text \<open>The box of u is X u \<times> Y u. Its window F u lies inside Y u, no other box at the heights
  of F u reaches the right edge of u, and windows are pairwise disjoint; a leaf attached to u is
  placed right of u inside this window.\<close>

definition windowed_box_rep ::
  "'a set \<Rightarrow> ('a \<times> 'a) set \<Rightarrow> ('a \<Rightarrow> real \<times> real) \<Rightarrow> ('a \<Rightarrow> real \<times> real) \<Rightarrow> ('a \<Rightarrow> real \<times> real) \<Rightarrow> bool"
  where
  "windowed_box_rep W E X Y F \<longleftrightarrow>
     (\<forall>u\<in>W. fst (X u) \<le> snd (X u) \<and> fst (Y u) \<le> fst (F u) \<and> fst (F u) < snd (F u)
        \<and> snd (F u) \<le> snd (Y u)) \<and>
     (\<forall>u\<in>W. \<forall>w\<in>W. u \<noteq> w \<longrightarrow>
        ((u, w) \<in> E \<longleftrightarrow> interval_overlap (X u) (X w) \<and> interval_overlap (Y u) (Y w))) \<and>
     (\<forall>u\<in>W. \<forall>w\<in>W. u \<noteq> w \<longrightarrow> interval_overlap (Y w) (F u) \<longrightarrow> snd (X w) < snd (X u)) \<and>
     (\<forall>u\<in>W. \<forall>w\<in>W. u \<noteq> w \<longrightarrow> \<not> interval_overlap (F u) (F w))"

lemma windowed_box_repD:
  assumes "windowed_box_rep W E X Y F" "u \<in> W"
  shows "fst (X u) \<le> snd (X u)" "fst (Y u) \<le> fst (F u)" "fst (F u) < snd (F u)"
    "snd (F u) \<le> snd (Y u)"
    and "w \<in> W \<Longrightarrow> u \<noteq> w \<Longrightarrow>
      (u, w) \<in> E \<longleftrightarrow> interval_overlap (X u) (X w) \<and> interval_overlap (Y u) (Y w)"
    and "w \<in> W \<Longrightarrow> u \<noteq> w \<Longrightarrow> interval_overlap (Y w) (F u) \<Longrightarrow> snd (X w) < snd (X u)"
    and "w \<in> W \<Longrightarrow> u \<noteq> w \<Longrightarrow> \<not> interval_overlap (F u) (F w)"
  using assms unfolding windowed_box_rep_def by simp_all

lemma windowed_box_rep_box_representation:
  assumes "windowed_box_rep W E X Y F"
  shows "box_representation W E 2 (\<lambda>w i. if i = 0 then X w else Y w)"
proof -
  have two: "(\<forall>i<2. P i) \<longleftrightarrow> P 0 \<and> P 1" for P :: "nat \<Rightarrow> bool"
    by (auto simp: less_2_cases_iff)
  show ?thesis
    unfolding box_representation_iff
  proof (intro conjI ballI allI impI)
    fix w i assume "w \<in> W" "i < (2::nat)"
    then show "fst (if i = 0 then X w else Y w) \<le> snd (if i = 0 then X w else Y w)"
      using windowed_box_repD(1-4)[OF assms \<open>w \<in> W\<close>] by auto
  next
    fix u w assume "u \<in> W" "w \<in> W" "u \<noteq> w"
    then show "(u, w) \<in> E \<longleftrightarrow> boxes_overlap 2 (\<lambda>w i. if i = 0 then X w else Y w) u w"
      using windowed_box_repD(5)[OF assms] unfolding boxes_overlap_def two by simp
  qed
qed

lemma windowed_box_rep_insert:
  assumes rep: "windowed_box_rep W E X Y F" and "sym E" "v \<notin> W"
    and valid: "fst x \<le> snd x" "fst y \<le> fst f" "fst f < snd f" "snd f \<le> snd y"
    and edges: "\<And>w. w \<in> W \<Longrightarrow> (v, w) \<in> E \<longleftrightarrow> interval_overlap x (X w) \<and> interval_overlap y (Y w)"
    and clear_new: "\<And>w. w \<in> W \<Longrightarrow> interval_overlap (Y w) f \<Longrightarrow> snd (X w) < snd x"
    and clear_old: "\<And>w. w \<in> W \<Longrightarrow> interval_overlap y (F w) \<Longrightarrow> snd x < snd (X w)"
    and disjoint: "\<And>w. w \<in> W \<Longrightarrow> \<not> interval_overlap f (F w)"
  shows "windowed_box_rep (insert v W) E (X(v := x)) (Y(v := y)) (F(v := f))"
proof -
  have old: "w \<noteq> v" if "w \<in> W" for w using that \<open>v \<notin> W\<close> by blast
  have edges': "(w, v) \<in> E \<longleftrightarrow> interval_overlap (X w) x \<and> interval_overlap (Y w) y" if "w \<in> W" for w
    using edges[OF that] \<open>sym E\<close> interval_overlap_commute unfolding sym_def by blast
  have disjoint': "\<not> interval_overlap (F w) f" if "w \<in> W" for w
    using disjoint[OF that] interval_overlap_commute by blast
  show ?thesis
    unfolding windowed_box_rep_def
    using windowed_box_repD[OF rep] valid edges edges' clear_new clear_old disjoint disjoint' old
    by auto
qed

lemma windowed_box_rep_shrink_window:
  assumes rep: "windowed_box_rep W E X Y F" and "u \<in> W"
    and "fst (F u) \<le> fst f" "fst f < snd f" "snd f \<le> snd (F u)"
  shows "windowed_box_rep W E X Y (F(u := f))"
proof -
  have in_window: "interval_overlap p (F u)" if "interval_overlap p f" for p
    using that assms(3-5) unfolding interval_overlap_def by linarith
  have in_window': "interval_overlap (F u) p" if "interval_overlap f p" for p
    using that assms(3-5) unfolding interval_overlap_def by linarith
  note old = windowed_box_repD[OF rep]
  have "fst (X a) \<le> snd (X a) \<and> fst (Y a) \<le> fst ((F(u := f)) a) \<and>
      fst ((F(u := f)) a) < snd ((F(u := f)) a) \<and> snd ((F(u := f)) a) \<le> snd (Y a)"
    if "a \<in> W" for a
    using old(1-4)[OF that] assms(3-5) by (cases "a = u") auto
  moreover have "snd (X w) < snd (X a)"
    if "a \<in> W" "w \<in> W" "a \<noteq> w" "interval_overlap (Y w) ((F(u := f)) a)" for a w
    using that old(6) in_window[of "Y w"] by (cases "a = u") auto
  moreover have "\<not> interval_overlap ((F(u := f)) a) ((F(u := f)) w)"
    if "a \<in> W" "w \<in> W" "a \<noteq> w" for a w
    using that old(7) in_window[of "F a"] in_window'[of "F w"] by (cases "a = u"; cases "w = u") auto
  ultimately show ?thesis
    using old(5) unfolding windowed_box_rep_def by blast
qed

lemma windowed_box_rep_window_clear:
  assumes rep: "windowed_box_rep W E X Y F" and "u \<in> W" "w \<in> W" "w \<noteq> u"
    and "fst (F u) \<le> fst y" "snd y \<le> snd (F u)"
  shows "interval_overlap y (Y w) \<Longrightarrow> snd (X w) < snd (X u)"
    and "\<not> interval_overlap y (F w)"
proof -
  have "interval_overlap p (F u)" "interval_overlap (F u) p" if "interval_overlap y p" for p
    using that assms(5,6) unfolding interval_overlap_def by linarith+
  then show "interval_overlap y (Y w) \<Longrightarrow> snd (X w) < snd (X u)" "\<not> interval_overlap y (F w)"
    using windowed_box_repD(6,7)[OF rep \<open>u \<in> W\<close> \<open>w \<in> W\<close>] \<open>w \<noteq> u\<close> by blast+
qed

lemma windowed_box_rep_insert_leaf:
  assumes rep: "windowed_box_rep W E X Y F" and "sym E" "v \<notin> W" "u \<in> W" "(v, u) \<in> E"
    and unique: "\<And>w. w \<in> W \<Longrightarrow> (v, w) \<in> E \<Longrightarrow> w = u"
  shows "\<exists>X Y F. windowed_box_rep (insert v W) E X Y F"
proof -
  obtain l h where F_u: "F u = (l, h)" by fastforce
  \<comment> \<open>The lower third of the window of u gives the heights and the window of v;
      u keeps the upper third.\<close>
  define m1 where "m1 = l + (h - l) / 3"
  define m2 where "m2 = l + 2 * (h - l) / 3"
  note u = windowed_box_repD[OF rep \<open>u \<in> W\<close>, unfolded F_u fst_conv snd_conv]
  have m: "l < m1" "m1 < m2" "m2 < h"
    using u(3) unfolding m1_def m2_def by (auto simp: field_simps)
  define x where "x = (snd (X u), snd (X u) + 1)"
  define y where "y = (l, m1)"
  have rep': "windowed_box_rep W E X Y (F(u := (m2, h)))"
    using windowed_box_rep_shrink_window[OF rep \<open>u \<in> W\<close>] m F_u by simp
  note clear = windowed_box_rep_window_clear[OF rep \<open>u \<in> W\<close> _ _ , of _ y, unfolded F_u]
  have "windowed_box_rep (insert v W) E (X(v := x)) (Y(v := y)) ((F(u := (m2, h)))(v := y))"
  proof (rule windowed_box_rep_insert[OF rep' \<open>sym E\<close> \<open>v \<notin> W\<close>])
    fix w assume "w \<in> W"
    show "(v, w) \<in> E \<longleftrightarrow> interval_overlap x (X w) \<and> interval_overlap y (Y w)"
    proof (cases "w = u")
      case True
      then show ?thesis
        using \<open>(v, u) \<in> E\<close> u(1,2,4) m unfolding interval_overlap_def x_def y_def by auto
    next
      case False
      then show ?thesis
        using unique[OF \<open>w \<in> W\<close>] clear(1)[OF \<open>w \<in> W\<close>] m
        unfolding interval_overlap_def x_def y_def by auto
    qed
    show "interval_overlap (Y w) y \<Longrightarrow> snd (X w) < snd x"
      using clear(1)[OF \<open>w \<in> W\<close>] m interval_overlap_commute[of "Y w" y] unfolding x_def y_def
      by (cases "w = u") auto
    have "\<not> interval_overlap y ((F(u := (m2, h))) w)"
      using clear(2)[OF \<open>w \<in> W\<close>] m unfolding interval_overlap_def y_def
      by (cases "w = u") auto
    then show "interval_overlap y ((F(u := (m2, h))) w) \<Longrightarrow> snd x < snd (X w)"
      and "\<not> interval_overlap y ((F(u := (m2, h))) w)"
      by blast+
  qed (use m in \<open>auto simp: x_def y_def\<close>)
  then show ?thesis by blast
qed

• _Task to carry out_
The sole response should be the count of lines in the material holding the string "unique".

• _Task output_
2